Freight prepaid bill of lading. In the carriage of goods by sea, freight is payable when the carrier delivers the goods to the consignee at the agreed destination.
Payment of freight and delivery are normally coexistent. Freight is not payable if the vessel and/or the goods are lost before delivery. Under English law the freight is earned on delivery and is normally fully payable without any deduction or set-off even though there may be claims against the carrier. Freight may be withheld if the loss or damage to the goods is so severe that the goods are no longer the goods that were loaded, for example, a cargo of cement that had solidified. The goods have lost their identity or are in unrecognisable condition. Freight may still be payable even in the latter situation if the contract of carriage contains the clause “Freight non-returnable, ship and/or cargo lost or not lost”.
United States law does permit a set-off against freight for cargo claims. Although the shipper is primarily liable to pay freight, the consignee also becomes liable when he accepts delivery of the goods. If the bill of lading is claused “freight prepaid” this does not relieve the consignee from the responsibility to pay the freight. The clause means that the shipper, who obtained the original bill of lading, simply undertakes to pay the freight.
As is provided in the “Uniform Customs and Practice” (UCP 1983), Art. 31(b) and (c) make reference to this nature of a clause on a bill of lading:
“(b) If a credit stipulates that the transport document has to indicate that freight has been paid or prepaid, banks will accept a transport document on which words clearly indicating payment or prepayment of freight appear by stamp or otherwise, or on which payment of freight is indicated by other means.
(c)The words ‘freight prepayable’ or ‘freight to be prepaid’ or words of similar effect, if appearing on transport documents, will not be accepted as constituting evidence of the payment of freight.”
Under United States law, “freight prepaid” means that the carrier must attempt to obtain the freight from the shipper rather than from the consignee (C.P. Ships v. Les Industries Lyon, 1983) and does not mean that the freight has actually been paid in advance. The words “freight prepaid” are common in bills of lading issued by carriers because this format is demanded by the shippers. The words are traditional and do not indicate that the freight has actually been paid. This form of bill of lading is especially common where freight forwarders’ services are used. The shipper is still responsible for payment of the freight. However, if the shipper has paid the freight to the freight forwarder who has not paid it to the carrier, the shipper may not be required to pay the freight again to the carrier.
A “freight prepaid” bill of lading is not the same as a bill of lading where the freight is actually required to be paid in advance of the delivery of the cargo at the agreed destination.
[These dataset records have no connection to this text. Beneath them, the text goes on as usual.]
lemma qmap_image_eq_kernel:
  assumes A1: "pair_quotient sc gr d P1 Q1 c1" and A2: "pair_quotient sc gr d P2 Q2 c2"
    and A3: "pair_quotient sc gr d P3 Q3 c3"
    and \<phi>: "pair_morphism \<phi> c1 c2" "\<phi> ` P1 \<subseteq> P2" "\<phi> ` Q1 \<subseteq> Q2"
    and \<psi>: "pair_morphism \<psi> c2 c3" "\<psi> ` P2 \<subseteq> P3"
    and exact: "\<And>v. v \<in> Q2 \<Longrightarrow> \<psi> v \<in> P3 \<longleftrightarrow> (\<exists>u\<in>Q1. v - \<phi> u \<in> P2)"
  shows "qmap P1 Q1 P2 \<phi> ` mcar (qmod P1 Q1 c1) =
    {X \<in> mcar (qmod P2 Q2 c2). qmap P2 Q2 P3 \<psi> X = mzero (qmod P3 Q3 c3)}"
proof -
  interpret A1: pair_quotient sc gr d P1 Q1 c1 by fact
  interpret A2: pair_quotient sc gr d P2 Q2 c2 by fact
  interpret A3: pair_quotient sc gr d P3 Q3 c3 by fact
  let ?f = "qmap P1 Q1 P2 \<phi>" and ?g = "qmap P2 Q2 P3 \<psi>"
  have f: "?f (coset P1 u) = coset P2 (\<phi> u)" if "u \<in> Q1" for u
    using qmap_coset[OF A1 A2.submodule_P \<phi>(1,2) that] .
  have kernel: "coset P2 v \<in> ?f ` mcar A1.QM \<longleftrightarrow> ?g (coset P2 v) = mzero A3.QM" if v: "v \<in> Q2" for v
  proof -
    have "coset P2 v \<in> ?f ` mcar A1.QM \<longleftrightarrow> (\<exists>u\<in>Q1. coset P2 v = coset P2 (\<phi> u))"
      unfolding A1.qmod_simps using f by (auto simp: image_iff)
    also have "\<dots> \<longleftrightarrow> \<psi> v \<in> P3"
      using exact[OF v] by (simp add: A2.same_coset_iff)
    finally show ?thesis
      using qmap_coset[OF A2 A3.submodule_P \<psi> v] by (simp add: A3.qmod_simps A3.coset_eq_zero_iff)
  qed
  have f_in: "?f ` mcar A1.QM \<subseteq> mcar A2.QM"
    using dg_hom_qmap[OF A1 A2 \<phi>] unfolding dg_hom_def by blast
  show ?thesis
  proof (intro equalityI subsetI)
    fix X assume X: "X \<in> ?f ` mcar A1.QM"
    then have "X \<in> mcar A2.QM"
      using f_in by blast
    moreover obtain v where "v \<in> Q2" "X = coset P2 v"
      using \<open>X \<in> mcar A2.QM\<close> unfolding A2.qmod_simps by blast
    ultimately show "X \<in> {X \<in> mcar A2.QM. ?g X = mzero A3.QM}"
      using X kernel by simp
  next
    fix X assume X: "X \<in> {X \<in> mcar A2.QM. ?g X = mzero A3.QM}"
    then obtain v where "v \<in> Q2" "X = coset P2 v"
      unfolding A2.qmod_simps by blast
    with X kernel show "X \<in> ?f ` mcar A1.QM"
      by simp
  qed
qed

lemma exact_qmod_splits:
  assumes SS: "dg_semisimple_quot gr d rad"
    and A1: "pair_quotient sc gr d P1 Q1 c1" and A2: "pair_quotient sc gr d P2 Q2 c2"
    and A3: "pair_quotient sc gr d P3 Q3 c3"
    and \<phi>: "pair_morphism \<phi> c1 c2" "\<phi> ` P1 \<subseteq> P2" "\<phi> ` Q1 \<subseteq> Q2"
    and \<psi>: "pair_morphism \<psi> c2 c3" "\<psi> ` P2 \<subseteq> P3" "\<psi> ` Q2 \<subseteq> Q3"
    and inj: "\<And>v. v \<in> Q1 \<Longrightarrow> \<phi> v \<in> P2 \<Longrightarrow> v \<in> P1"
    and exact: "\<And>v. v \<in> Q2 \<Longrightarrow> \<psi> v \<in> P3 \<longleftrightarrow> (\<exists>u\<in>Q1. v - \<phi> u \<in> P2)"
    and surj: "\<And>w. w \<in> Q3 \<Longrightarrow> \<exists>v\<in>Q2. \<psi> v - w \<in> P3"
    and ann: "annihilated rad (qmod P1 Q1 c1)" "annihilated rad (qmod P2 Q2 c2)"
      "annihilated rad (qmod P3 Q3 c3)"
  obtains s where "dg_hom gr (qmod P3 Q3 c3) (qmod P2 Q2 c2) s"
    "\<And>X. X \<in> mcar (qmod P3 Q3 c3) \<Longrightarrow> qmap P2 Q2 P3 \<psi> (s X) = X"
proof -
  have "\<exists>s. dg_hom gr (qmod P3 Q3 c3) (qmod P2 Q2 c2) s \<and>
      (\<forall>X\<in>mcar (qmod P3 Q3 c3). qmap P2 Q2 P3 \<psi> (s X) = X)"
    using SS[unfolded dg_semisimple_quot_def, rule_format,
        of "qmod P1 Q1 c1" "qmod P2 Q2 c2" "qmod P3 Q3 c3" "qmap P1 Q1 P2 \<phi>" "qmap P2 Q2 P3 \<psi>",
        unfolded conj_imp_eq_imp_imp, OF pair_quotient.dg_module_qmod[OF A1]
        pair_quotient.dg_module_qmod[OF A2] pair_quotient.dg_module_qmod[OF A3] ann
        dg_hom_qmap[OF A1 A2 \<phi>] dg_hom_qmap[OF A2 A3 \<psi>]
        inj_on_qmap[OF A1 pair_quotient.submodule_P[OF A2] \<phi>(1,2) inj]
        qmap_image_eq[OF A2 A3 \<psi> surj] qmap_image_eq_kernel[OF A1 A2 A3 \<phi> \<psi>(1,2) exact]] .
  with that show ?thesis
    by blast
qed

text \<open>The sequence \<open>0 \<rightarrow> N/P \<rightarrow> Q/P \<rightarrow> Q/N \<rightarrow> 0\<close> of dg-modules over \<open>A/J\<close> splits.\<close>

lemma dg_ideal_section:
  assumes SS: "dg_semisimple_quot gr d rad"
    and ideals: "dg_ideal P" "dg_ideal N" "dg_ideal Q" and PN: "P \<subseteq> N" and NQ: "N \<subseteq> Q"
    and rad_Q: "\<And>j x. j \<in> rad \<Longrightarrow> x \<in> Q \<Longrightarrow> j * x \<in> P"
  obtains s where "dg_hom gr (qmod (N \<times> {0}) (Q \<times> {0}) False) (qmod (P \<times> {0}) (Q \<times> {0}) False) s"
    "\<And>X. X \<in> mcar (qmod (N \<times> {0}) (Q \<times> {0}) False) \<Longrightarrow>
      qmap (P \<times> {0}) (Q \<times> {0}) (N \<times> {0}) id (s X) = X"
proof -
  have sub: "pair_submodule (I \<times> {0}) False" if "dg_ideal I" for I
    using pair_submodule_Times_zero[OF that] .
  have quot: "pair_quotient sc gr d (I \<times> {0}) (I' \<times> {0}) False" if "dg_ideal I" "dg_ideal I'"
    for I I'
    by unfold_locales (use sub that in blast)+
  have ann: "annihilated rad (qmod (P \<times> {0}) (I \<times> {0}) False)" if "dg_ideal I" "I \<subseteq> Q" for I
    by (rule pair_quotient.annihilated_qmod[OF quot[OF ideals(1) that(1)]])
      (use rad_Q that(2) in \<open>auto simp: pair_smult_def\<close>)
  have ann': "annihilated rad (qmod (N \<times> {0}) (Q \<times> {0}) False)"
    by (rule pair_quotient.annihilated_qmod[OF quot[OF ideals(2,3)]])
      (use rad_Q PN in \<open>auto simp: pair_smult_def\<close>)
  have N_closed: "x \<in> N" if "x - y \<in> P" "y \<in> N" for x y
    using dg_ideal_add[OF ideals(2), of "x - y" y] that PN by auto
  show ?thesis
  proof (rule exact_qmod_splits[OF SS quot[OF ideals(1,2)] quot[OF ideals(1,3)] quot[OF ideals(2,3)]
        pair_morphism_id _ _ pair_morphism_id])
    show "id ` (N \<times> {0}) \<subseteq> Q \<times> {0}" "id ` (P \<times> {0}) \<subseteq> N \<times> {0}"
      using PN NQ by auto
    show "v \<in> P \<times> {0}" if "v \<in> N \<times> {0}" "id v \<in> P \<times> {0}" for v :: "'a \<times> 'a"
      using that by simp
    show "id v \<in> N \<times> {0} \<longleftrightarrow> (\<exists>u\<in>N \<times> {0}. v - id u \<in> P \<times> {0})"
      for v :: "'a \<times> 'a"
    proof
      assume "id v \<in> N \<times> {0}"
      then show "\<exists>u\<in>N \<times> {0}. v - id u \<in> P \<times> {0}"
        using dg_ideal_zero[OF ideals(1)] by (intro bexI[of _ v]) (auto simp: mem_Times_iff)
    next
      assume "\<exists>u\<in>N \<times> {0}. v - id u \<in> P \<times> {0}"
      then obtain u where "u \<in> N \<times> {0}" "v - u \<in> P \<times> {0}"
        by auto
      then show "id v \<in> N \<times> {0}"
        using N_closed by (auto simp: mem_Times_iff)
    qed
    show "\<exists>v\<in>Q \<times> {0}. id v - w \<in> N \<times> {0}" if "w \<in> Q \<times> {0}" for w :: "'a \<times> 'a"
      using that dg_ideal_zero[OF ideals(2)] by (intro bexI[of _ w]) (auto simp: mem_Times_iff)
  qed (use that ann[OF ideals(2) NQ] ann[OF ideals(3) subset_refl] ann' in auto)
qed

lemma dg_ideal_complement:
  assumes SS: "dg_semisimple_quot gr d rad"
    and ideals: "dg_ideal P" "dg_ideal N" "dg_ideal Q" and PN: "P \<subseteq> N" and NQ: "N \<subseteq> Q"
    and rad_Q: "\<And>j x. j \<in> rad \<Longrightarrow> x \<in> Q \<Longrightarrow> j * x \<in> P"
  shows "\<exists>C. dg_ideal C \<and> P \<subseteq> C \<and> C \<subseteq> Q \<and> N \<inter> C = P \<and> N + C = Q"
proof -
  interpret A2: pair_quotient sc gr d "P \<times> {0}" "Q \<times> {0}" False
    by unfold_locales (use pair_submodule_Times_zero ideals in blast)+
  interpret A3: pair_quotient sc gr d "N \<times> {0}" "Q \<times> {0}" False
    by unfold_locales (use pair_submodule_Times_zero ideals in blast)+
  obtain s where s: "dg_hom gr A3.QM A2.QM s" and s_right_inverse: "\<And>X. X \<in> mcar A3.QM \<Longrightarrow>
      qmap (P \<times> {0}) (Q \<times> {0}) (N \<times> {0}) id (s X) = X"
    using dg_ideal_section[OF assms] by blast
  have g: "qmap (P \<times> {0}) (Q \<times> {0}) (N \<times> {0}) id (coset (P \<times> {0}) (x, 0)) = coset (N \<times> {0}) (x, 0)"
    if "x \<in> Q" for x
    using qmap_coset[OF A2.pair_quotient_axioms A3.submodule_P pair_morphism_id] PN that by auto
  have s_zero: "s (mzero A3.QM) = mzero A2.QM"
    using dg_hom_mzero[OF A3.dg_mod_axioms A2.dg_mod_axioms s] .
  \<comment> \<open>the preimage in \<open>Q\<close> of the image of the section\<close>
  define C where "C = {x. (x, 0) \<in> {v \<in> Q \<times> {0}. coset (P \<times> {0}) v \<in> s ` mcar A3.QM}}"
  have C_iff: "x \<in> C \<longleftrightarrow> x \<in> Q \<and> coset (P \<times> {0}) (x, 0) \<in> s ` mcar A3.QM" for x
    unfolding C_def by auto
  have "dg_ideal C"
    unfolding C_def
    by (intro dg_ideal_pair_fst A2.pair_submodule_coset_preimage
        dg_submodule_image[OF A3.dg_mod_axioms A2.dg_mod_axioms s])
  moreover have "P \<subseteq> C"
  proof
    fix x assume x: "x \<in> P"
    then have "coset (P \<times> {0}) (x, 0) = s (mzero A3.QM)"
      using s_zero by (simp add: A2.qmod_simps A2.coset_eq_zero_iff)
    then show "x \<in> C"
      using x PN NQ A3.mzero_in unfolding C_iff by blast
  qed
  moreover have "N \<inter> C \<subseteq> P"
  proof
    fix x assume "x \<in> N \<inter> C"
    then obtain X where x: "x \<in> N" "x \<in> Q" and X: "X \<in> mcar A3.QM" "coset (P \<times> {0}) (x, 0) = s X"
      by (auto simp: C_iff)
    have "X = coset (N \<times> {0}) (x, 0)"
      using s_right_inverse[OF X(1)] X(2) g[OF x(2)] by simp
    also have "\<dots> = mzero A3.QM"
      using x(1) by (simp add: A3.qmod_simps A3.coset_eq_zero_iff)
    finally have "coset (P \<times> {0}) (x, 0) = mzero A2.QM"
      using X(2) s_zero by simp
    then show "x \<in> P"
      by (simp add: A2.qmod_simps A2.coset_eq_zero_iff)
  qed
  moreover have "Q \<subseteq> N + C"
  proof
    fix x assume x: "x \<in> Q"
    then have X: "coset (N \<times> {0}) (x, 0) \<in> mcar A3.QM"
      unfolding A3.qmod_simps by blast
    then have "s (coset (N \<times> {0}) (x, 0)) \<in> mcar A2.QM"
      using s unfolding dg_hom_def by blast
    then obtain c where c: "c \<in> Q" "s (coset (N \<times> {0}) (x, 0)) = coset (P \<times> {0}) (c, 0)"
      unfolding A2.qmod_simps by auto
    then have "c \<in> C"
      unfolding C_iff using X by (metis image_eqI)
    moreover have "coset (N \<times> {0}) (x, 0) = coset (N \<times> {0}) (c, 0)"
      using s_right_inverse[OF X] c g[OF c(1)] by simp
    then have "x - c \<in> N"
      by (simp add: A3.same_coset_iff)
    ultimately show "x \<in> N + C"
      using set_plus_intro[of "x - c" N c C] by simp
  qed
  moreover have "C \<subseteq> Q"
    using C_iff by blast
  moreover have "N + C \<subseteq> Q"
    using NQ \<open>C \<subseteq> Q\<close> dg_ideal_add[OF ideals(3)] by (auto elim!: set_plus_elim)
  ultimately show ?thesis
    using PN by blast
qed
Such a requirement may be met in a contract of carriage and is very common in liner services.
Problems for shipowners can arise where the vessel is under a time charter, the charterer obtains freight in advance and then refuses to continue to pay the hire and the owner is left without a remedy. In The A 1ev, 1989, the time charterers required the owner to issue “freight prepaid” bills of lading. The owners did so. The charterers then became bankrupt and could not pay the hire. The owners had no choice but to continue the voyage under the contract of carriage contained in the bills of lading and deliver the cargo, despite not being paid their hire. The owners attempted to obtain a contribution from the cargo receivers. The latter refused because they had already paid the freight to the charterers. The owners finally threatened to discharge the cargo before the discharging port and possibly sell it unless the receivers agreed to pay the port and discharging costs. The receivers agreed, being left with no other choice.
The vessel arrived at the discharging port and commenced discharge. The receivers then had the vessel arrested, claiming that their agreement had been obtained under duress. The local court decided in favour of the receivers. The shipowners paid the damages and obtained the release of their vessel. Because the agreement between the receivers and the owners was subject to English law the owners brought an action against the receivers in an English court. The judge in the English court also found against the shipowners because the agreement was obtained under duress. The eventual result was that the shipowners had to bear all the costs of the carriage, including the port and discharging costs.
In Australia, in The AES Express, 1990, the vessel was on time charter and freight prepaid bills of lading were issued by the charterers. The voyage was meant to be from Norfolk, United States, to Auckland, New Zealand and then Sydney and Melbourne in Australia. During the voyage, the charterers ceased operations. The shipowners withdrew the vessel from the time charter. The vessel continued her voyage directly to Melbourne without advising the cargo interest that the vessel was withdrawn from the charter. The owners claimed an amount from the cargo interests which was equivalent to the freight which had already been paid by the shippers to the charterers. The judge decided that the cargo interest was entitled to have the goods delivered at the destination agreed in the bill of lading issued by the charterers. Owing to the withdrawal of the vessel, the shipowners assumed the charterer’s obligations to deliver the cargo. If the freight for the cargo had already been paid, the owners were not entitled to receive freight from another party, the cargo receivers. The freight would been payable on delivery but in this situation it had already been paid.